Copy the listing below line for line, from its opening line to the one with "A \<inter> (S", both included; stop there.

***** Dataset records

(* Let $T$ be a light tournament and let $z$ be a vertex of $T$ of minimum in-degree. Then the subtournament $T[V_2(z)]$ induced by the in-neighborhood of $z$ is $\mathcal{T}_5$-free.
   Context: A triangle of a tournament is a set of three vertices inducing a directed 3-cycle. An unordered pair $ab$ of vertices is a diagonal if there exist vertices $u,v$ with $\{u,v,a\}$ and $\{u,v,b\}$ both triangles. A triangle is heavy if at least two of its pairs are diagonals; a tournament is light if it has no heavy triangle. $V_2(z)=\{v: (v,z)\in A(T)\}$. A feedback vertex set of a tournament is a vertex set whose removal leaves an acyclic tournament. $\mathcal{T}_5$ is the set of tournaments on 5 vertices whose minimum feedback vertex set has size 2; a tournament is $\mathcal{T}_5$-free if it has no subtournament isomorphic to a member of $\mathcal{T}_5$. *)

theory Defs
  imports Main
begin

definition tournament :: "'a set \<Rightarrow> ('a \<times> 'a) set \<Rightarrow> bool" where
  "tournament V A \<longleftrightarrow> finite V \<and> A \<subseteq> V \<times> V \<and>
     (\<forall>v\<in>V. (v, v) \<notin> A) \<and>
     (\<forall>u\<in>V. \<forall>v\<in>V. u \<noteq> v \<longrightarrow> ((u, v) \<in> A \<longleftrightarrow> (v, u) \<notin> A))"

definition induced_arcs :: "('a \<times> 'a) set \<Rightarrow> 'a set \<Rightarrow> ('a \<times> 'a) set" where
  "induced_arcs A S = A \<inter> (S \<times> S)"

definition triangle :: "'a set \<Rightarrow> ('a \<times> 'a) set \<Rightarrow> 'a set \<Rightarrow> bool" where
  "triangle V A X \<longleftrightarrow> X \<subseteq> V \<and> (\<exists>x y z. X = {x, y, z} \<and> x \<noteq> y \<and> y \<noteq> z \<and> x \<noteq> z \<and>
      (x, y) \<in> A \<and> (y, z) \<in> A \<and> (z, x) \<in> A)"

definition diagonal :: "'a set \<Rightarrow> ('a \<times> 'a) set \<Rightarrow> 'a \<Rightarrow> 'a \<Rightarrow> bool" where
  "diagonal V A a b \<longleftrightarrow> a \<in> V \<and> b \<in> V \<and> a \<noteq> b \<and>
     (\<exists>u v. triangle V A {u, v, a} \<and> triangle V A {u, v, b})"

definition heavy_triangle :: "'a set \<Rightarrow> ('a \<times> 'a) set \<Rightarrow> 'a set \<Rightarrow> bool" where
  "heavy_triangle V A X \<longleftrightarrow> triangle V A X \<and>
     card {P. P \<subseteq> X \<and> card P = 2 \<and> (\<exists>a b. P = {a, b} \<and> diagonal V A a b)} \<ge> 2"

definition light :: "'a set \<Rightarrow> ('a \<times> 'a) set \<Rightarrow> bool" where
  "light V A \<longleftrightarrow> tournament V A \<and> \<not> (\<exists>X. heavy_triangle V A X)"

definition in_nbrs :: "'a set \<Rightarrow> ('a \<times> 'a) set \<Rightarrow> 'a \<Rightarrow> 'a set" where
  "in_nbrs V A z = {v \<in> V. (v, z) \<in> A}"

definition in_degree :: "'a set \<Rightarrow> ('a \<times> 'a) set \<Rightarrow> 'a \<Rightarrow> nat" where
  "in_degree V A z = card (in_nbrs V A z)"

definition feedback_vertex_set :: "'a set \<Rightarrow> ('a \<times> 'a) set \<Rightarrow> 'a set \<Rightarrow> bool" where
  "feedback_vertex_set V A F \<longleftrightarrow> F \<subseteq> V \<and> acyclic (induced_arcs A (V - F))"

definition min_fvs_size :: "'a set \<Rightarrow> ('a \<times> 'a) set \<Rightarrow> nat" where
  "min_fvs_size V A = (LEAST k. \<exists>F. feedback_vertex_set V A F \<and> card F = k)"

definition in_T5 :: "'a set \<Rightarrow> ('a \<times> 'a) set \<Rightarrow> bool" where
  "in_T5 V A \<longleftrightarrow> tournament V A \<and> card V = 5 \<and> min_fvs_size V A = 2"

(* \<T>_5-free: no subtournament (on a vertex subset S) isomorphic to a member of \<T>_5.
   Since \<T>_5 is closed under isomorphism, this is: no induced subtournament lies in \<T>_5. *)
definition T5_free :: "'a set \<Rightarrow> ('a \<times> 'a) set \<Rightarrow> bool" where
  "T5_free V A \<longleftrightarrow> \<not> (\<exists>S. S \<subseteq> V \<and> in_T5 S (induced_arcs A S))"

end

theory Submission
  imports Defs
begin

text \<open>
  The in-neighbourhood of a vertex \<open>z\<close> of minimum in-degree is in fact transitive, hence every
  subtournament of it has an empty feedback vertex set. Minimality of the in-degree gives every
  in-neighbour \<open>x\<close> of \<open>z\<close> a witness \<open>w\<close> with \<open>z \<rightarrow> w \<rightarrow> x\<close> (otherwise \<open>N\<^sup>-(x) \<subset> N\<^sup>-(z)\<close>). For a directed
  triangle \<open>u \<rightarrow> x \<rightarrow> y \<rightarrow> u\<close> inside \<open>N\<^sup>-(z)\<close>, the witnesses of its vertices first cannot beat
  both ends of an arc, and then the witnesses of \<open>u\<close> and \<open>x\<close> give, in either orientation of the
  arc between them, a triangle through \<open>z\<close> carrying two diagonals, contradicting lightness.
\<close>

lemma tournament_arc_in:
  "tournament V A \<Longrightarrow> (u, v) \<in> A \<Longrightarrow> u \<in> V \<and> v \<in> V"
  unfolding tournament_def by blast

lemma tournament_irrefl:
  "tournament V A \<Longrightarrow> (v, v) \<notin> A"
  unfolding tournament_def by blast

lemma tournament_asym:
  "tournament V A \<Longrightarrow> (u, v) \<in> A \<Longrightarrow> (v, u) \<notin> A"
  unfolding tournament_def by (metis SigmaE prod.inject subsetD)

lemma tournament_total:
  "tournament V A \<Longrightarrow> u \<in> V \<Longrightarrow> v \<in> V \<Longrightarrow> u \<noteq> v \<Longrightarrow> (u, v) \<notin> A \<Longrightarrow> (v, u) \<in> A"
  unfolding tournament_def by blast

lemma triangle_of_cycle:
  assumes T: "tournament V A" and "(x, y) \<in> A" "(y, w) \<in> A" "(w, x) \<in> A"
  shows "triangle V A {x, y, w}"
proof -
  have "x \<noteq> y" "y \<noteq> w" "x \<noteq> w"
    using assms tournament_irrefl[OF T] tournament_asym[OF T] by metis+
  with assms show ?thesis
    unfolding triangle_def using tournament_arc_in[OF T] by blast
qed

lemma triangle_card: "triangle V A X \<Longrightarrow> card X = 3"
  unfolding triangle_def by auto

lemma diagonal_sym: "diagonal V A a b \<Longrightarrow> diagonal V A b a"
  unfolding diagonal_def by blast

text \<open>Two triangles of a tournament through a pair \<open>{p, q}\<close> orient it the same way, so this
  covers every pair of triangles sharing \<open>{p, q}\<close>.\<close>

lemma diagonal_of_cycles_through_arc:
  assumes T: "tournament V A"
    and "(p, q) \<in> A" "(q, a) \<in> A" "(a, p) \<in> A" "(q, b) \<in> A" "(b, p) \<in> A" "a \<noteq> b"
  shows "diagonal V A a b"
proof -
  have "triangle V A {p, q, a}" "triangle V A {p, q, b}"
    using triangle_of_cycle[OF T] assms(2-6) by blast+
  moreover have "a \<in> V" "b \<in> V"
    using tournament_arc_in[OF T] assms(3,5) by blast+
  ultimately show ?thesis
    unfolding diagonal_def using assms(7) by blast
qed

lemma heavy_triangle_of_two_diagonals:
  assumes "triangle V A {a, b, c}" "diagonal V A a b" "diagonal V A a c"
  shows "heavy_triangle V A {a, b, c}"
proof -
  let ?D = "{P. P \<subseteq> {a, b, c} \<and> card P = 2 \<and> (\<exists>p q. P = {p, q} \<and> diagonal V A p q)}"
  have "a \<noteq> b" "a \<noteq> c"
    using assms(2,3) unfolding diagonal_def by blast+
  have "b \<noteq> c"
  proof
    assume "b = c"
    then have "card {a, b, c} \<le> 2" by (simp add: card_insert_if)
    with triangle_card[OF assms(1)] show False by simp
  qed
  have "{{a, b}, {a, c}} \<subseteq> ?D"
    using \<open>a \<noteq> b\<close> \<open>a \<noteq> c\<close> assms(2,3) by auto
  moreover have "finite ?D"
    by (rule finite_subset[of _ "Pow {a, b, c}"]) auto
  ultimately have "card {{a, b}, {a, c}} \<le> card ?D"
    by (simp add: card_mono)
  moreover have "card {{a, b}, {a, c}} = 2"
    using \<open>b \<noteq> c\<close> by (simp add: doubleton_eq_iff)
  ultimately have "2 \<le> card ?D"
    by simp
  with assms(1) show ?thesis
    unfolding heavy_triangle_def by simp
qed

lemma out_nbr_into_in_nbr_of_min_in_degree:
  assumes T: "tournament V A" and z: "z \<in> V"
    and min: "\<forall>v\<in>V. in_degree V A z \<le> in_degree V A v"
    and x: "(x, z) \<in> A"
  obtains w where "(z, w) \<in> A" "(w, x) \<in> A"
proof (rule ccontr)
  assume no_w: "\<not> thesis"
  have xV: "x \<in> V" using tournament_arc_in[OF T x] by simp
  have fin: "finite (in_nbrs V A z)"
    using T unfolding tournament_def in_nbrs_def by simp
  have "in_nbrs V A x \<subseteq> in_nbrs V A z - {x}"
  proof
    fix w assume "w \<in> in_nbrs V A x"
    then have wV: "w \<in> V" and wx: "(w, x) \<in> A" unfolding in_nbrs_def by auto
    have "w \<noteq> x" "w \<noteq> z" "(z, w) \<notin> A"
      using wx x no_w that tournament_irrefl[OF T] tournament_asym[OF T] by metis+
    then show "w \<in> in_nbrs V A z - {x}"
      using tournament_total[OF T z wV] wV unfolding in_nbrs_def by auto
  qed
  then have "card (in_nbrs V A x) \<le> card (in_nbrs V A z - {x})"
    using fin by (intro card_mono) auto
  also have "\<dots> < card (in_nbrs V A z)"
    using fin x xV by (intro card_Diff1_less) (auto simp: in_nbrs_def)
  finally show False
    using min xV unfolding in_degree_def by force
qed

lemma min_fvs_size_acyclic:
  assumes "acyclic R"
  shows "min_fvs_size S R = 0"
proof -
  have "feedback_vertex_set S R {}"
    using acyclic_subset[OF assms] unfolding feedback_vertex_set_def induced_arcs_def by blast
  then show ?thesis
    unfolding min_fvs_size_def by (intro Least_eq_0) auto
qed

locale light_min_in_degree =
  fixes V :: "'a set" and A :: "('a \<times> 'a) set" and z :: 'a
  assumes light: "light V A"
    and z_in: "z \<in> V"
    and min_in_degree: "\<forall>v\<in>V. in_degree V A z \<le> in_degree V A v"
begin

lemma tournament: "tournament V A"
  using light unfolding light_def by simp

lemma arc_neq: "(x, y) \<in> A \<Longrightarrow> x \<noteq> y"
  using tournament_irrefl[OF tournament] by metis

lemma in_out_distinct: "(x, z) \<in> A \<Longrightarrow> (z, w) \<in> A \<Longrightarrow> x \<noteq> w"
  using tournament_asym[OF tournament] by metis

lemma in_out_total: "(x, z) \<in> A \<Longrightarrow> (z, w) \<in> A \<Longrightarrow> (x, w) \<notin> A \<Longrightarrow> (w, x) \<in> A"
  using tournament_total[OF tournament] tournament_arc_in[OF tournament] in_out_distinct
  by metis

lemma diagonal_of_cycles: "(p, q) \<in> A \<Longrightarrow> (q, a) \<in> A \<Longrightarrow> (a, p) \<in> A \<Longrightarrow> (q, b) \<in> A \<Longrightarrow> (b, p) \<in> A
    \<Longrightarrow> a \<noteq> b \<Longrightarrow> diagonal V A a b"
  by (rule diagonal_of_cycles_through_arc[OF tournament])

lemma cycle_not_two_diagonals:
  assumes "(a, b) \<in> A" "(b, c) \<in> A" "(c, a) \<in> A" "diagonal V A a b" "diagonal V A a c"
  shows False
  using heavy_triangle_of_two_diagonals[OF triangle_of_cycle[OF tournament assms(1-3)]] assms(4,5)
    light unfolding light_def by blast

lemma in_nbr_witness:
  assumes "(x, z) \<in> A"
  obtains w where "(z, w) \<in> A" "(w, x) \<in> A"
  using out_nbr_into_in_nbr_of_min_in_degree[OF tournament z_in min_in_degree assms] by blast

lemma no_out_nbr_beats_arc:
  assumes D: "(p, z) \<in> A" "(q, z) \<in> A" "(r, z) \<in> A" "(p, q) \<in> A" "(q, r) \<in> A" "(r, p) \<in> A"
    and w: "(z, w) \<in> A" "(w, p) \<in> A" "(w, q) \<in> A"
  shows False
proof -
  have pq: "diagonal V A p q"
    using diagonal_of_cycles[of z w p q] D w arc_neq by blast
  have rw: "(r, w) \<in> A"
  proof (rule ccontr)
    assume "(r, w) \<notin> A"
    then have "diagonal V A q r"
      using diagonal_of_cycles[of z w q r] in_out_total D w arc_neq by blast
    then show False
      using cycle_not_two_diagonals[OF D(5,6,4)] diagonal_sym[OF pq] by blast
  qed
  have pw: "diagonal V A p w"
    using diagonal_of_cycles[of q r p w] D w rw in_out_distinct by blast
  obtain w' where w': "(z, w') \<in> A" "(w', r) \<in> A" using in_nbr_witness D(3) by blast
  have "(p, w') \<in> A"
  proof (rule ccontr)
    assume "(p, w') \<notin> A"
    then have "diagonal V A p r"
      using diagonal_of_cycles[of z w' p r] in_out_total D w' arc_neq by blast
    then show False
      using cycle_not_two_diagonals[OF D(4,5,6)] pq by blast
  qed
  then have "diagonal V A p z"
    using diagonal_of_cycles[of w' r p z] D w' in_out_distinct arc_neq by blast
  then show False
    using cycle_not_two_diagonals[OF D(1) w(1,2)] pw by blast
qed

lemma cycle_vertex_witness:
  assumes D: "(u, z) \<in> A" "(x, z) \<in> A" "(y, z) \<in> A" "(u, x) \<in> A" "(x, y) \<in> A" "(y, u) \<in> A"
    and w: "(z, w) \<in> A" "(w, u) \<in> A"
  shows "(x, w) \<in> A" "(y, w) \<in> A" "diagonal V A z x"
proof -
  show xw: "(x, w) \<in> A"
    using no_out_nbr_beats_arc[OF D w] in_out_total[OF D(2) w(1)] by blast
  show "(y, w) \<in> A"
    using no_out_nbr_beats_arc[OF D(3,1,2,6,4,5) w(1) _ w(2)] in_out_total[OF D(3) w(1)] by blast
  show "diagonal V A z x"
    using diagonal_of_cycles[of w u z x] D w xw arc_neq by blast
qed

lemma in_nbrs_no_directed_triangle:
  assumes D: "(u, z) \<in> A" "(x, z) \<in> A" "(y, z) \<in> A" "(u, x) \<in> A" "(x, y) \<in> A" "(y, u) \<in> A"
  shows False
proof -
  obtain wu where wu: "(z, wu) \<in> A" "(wu, u) \<in> A" using in_nbr_witness D(1) by blast
  obtain wx where wx: "(z, wx) \<in> A" "(wx, x) \<in> A" using in_nbr_witness D(2) by blast
  obtain wy where wy: "(z, wy) \<in> A" "(wy, y) \<in> A" using in_nbr_witness D(3) by blast
  note u_rot = cycle_vertex_witness[OF D wu]
  note x_rot = cycle_vertex_witness[OF D(2,3,1,5,6,4) wx]
  note y_rot = cycle_vertex_witness[OF D(3,1,2,6,4,5) wy]
  have "wu \<noteq> wx" using u_rot(1) wx(2) tournament_asym[OF tournament] by blast
  then consider "(wu, wx) \<in> A" | "(wx, wu) \<in> A"
    using tournament_total[OF tournament] tournament_arc_in[OF tournament] wu wx by metis
  then show False
  proof cases
    case 1
    have "diagonal V A z wu"
      using diagonal_of_cycles[of wx x z wu] D wx 1 u_rot(1) arc_neq[OF wu(1)] by blast
    then show False
      using cycle_not_two_diagonals[OF wu(1,2) D(1)] y_rot(3) by blast
  next
    case 2
    have "diagonal V A z wx"
      using diagonal_of_cycles[of wu u z wx] D wu 2 x_rot(2) arc_neq[OF wx(1)] by blast
    then show False
      using cycle_not_two_diagonals[OF wx(1,2) D(2)] u_rot(3) by blast
  qed
qed

lemma trans_in_nbrs: "trans (induced_arcs A (in_nbrs V A z))"
proof (rule transI)
  fix x y w
  assume "(x, y) \<in> induced_arcs A (in_nbrs V A z)" "(y, w) \<in> induced_arcs A (in_nbrs V A z)"
  then have arcs: "(x, y) \<in> A" "(y, w) \<in> A" and in_z: "(x, z) \<in> A" "(y, z) \<in> A" "(w, z) \<in> A"
    and N: "x \<in> in_nbrs V A z" "w \<in> in_nbrs V A z"
    unfolding induced_arcs_def in_nbrs_def by auto
  have "(w, x) \<notin> A"
    using in_nbrs_no_directed_triangle[OF in_z arcs] by blast
  moreover have "x \<noteq> w" using arcs tournament_asym[OF tournament] by blast
  ultimately have "(x, w) \<in> A"
    using tournament_total[OF tournament] tournament_arc_in[OF tournament] in_z by metis
  with N show "(x, w) \<in> induced_arcs A (in_nbrs V A z)"
    unfolding induced_arcs_def by simp
qed

lemma acyclic_in_nbrs: "acyclic (induced_arcs A (in_nbrs V A z))"
  unfolding acyclic_def trancl_id[OF trans_in_nbrs]
  using tournament_irrefl[OF tournament] by (simp add: induced_arcs_def)

end

theorem lemma6:
  fixes V :: "'a set" and A :: "('a \<times> 'a) set" and z :: 'a
  assumes "light V A"
    and "z \<in> V"
    and "\<forall>v\<in>V. in_degree V A z \<le> in_degree V A v"
  shows "T5_free (in_nbrs V A z) (induced_arcs A (in_nbrs V A z))"
proof -
  interpret light_min_in_degree V A z
    using assms by unfold_locales
  have "min_fvs_size S (induced_arcs (induced_arcs A (in_nbrs V A z)) S) = 0" for S
    by (rule min_fvs_size_acyclic, rule acyclic_subset[OF acyclic_in_nbrs])
      (auto simp: induced_arcs_def)
  then show ?thesis
    unfolding T5_free_def in_T5_def by simp
qed

end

**********

# Answer box
(* Let $T$ be a light tournament and let $z$ be a vertex of $T$ of minimum in-degree. Then the subtournament $T[V_2(z)]$ induced by the in-neighborhood of $z$ is $\mathcal{T}_5$-free.
   Context: A triangle of a tournament is a set of three vertices inducing a directed 3-cycle. An unordered pair $ab$ of vertices is a diagonal if there exist vertices $u,v$ with $\{u,v,a\}$ and $\{u,v,b\}$ both triangles. A triangle is heavy if at least two of its pairs are diagonals; a tournament is light if it has no heavy triangle. $V_2(z)=\{v: (v,z)\in A(T)\}$. A feedback vertex set of a tournament is a vertex set whose removal leaves an acyclic tournament. $\mathcal{T}_5$ is the set of tournaments on 5 vertices whose minimum feedback vertex set has size 2; a tournament is $\mathcal{T}_5$-free if it has no subtournament isomorphic to a member of $\mathcal{T}_5$. *)

theory Defs
  imports Main
begin

definition tournament :: "'a set \<Rightarrow> ('a \<times> 'a) set \<Rightarrow> bool" where
  "tournament V A \<longleftrightarrow> finite V \<and> A \<subseteq> V \<times> V \<and>
     (\<forall>v\<in>V. (v, v) \<notin> A) \<and>
     (\<forall>u\<in>V. \<forall>v\<in>V. u \<noteq> v \<longrightarrow> ((u, v) \<in> A \<longleftrightarrow> (v, u) \<notin> A))"

definition induced_arcs :: "('a \<times> 'a) set \<Rightarrow> 'a set \<Rightarrow> ('a \<times> 'a) set" where
  "induced_arcs A S = A \<inter> (S \<times> S)"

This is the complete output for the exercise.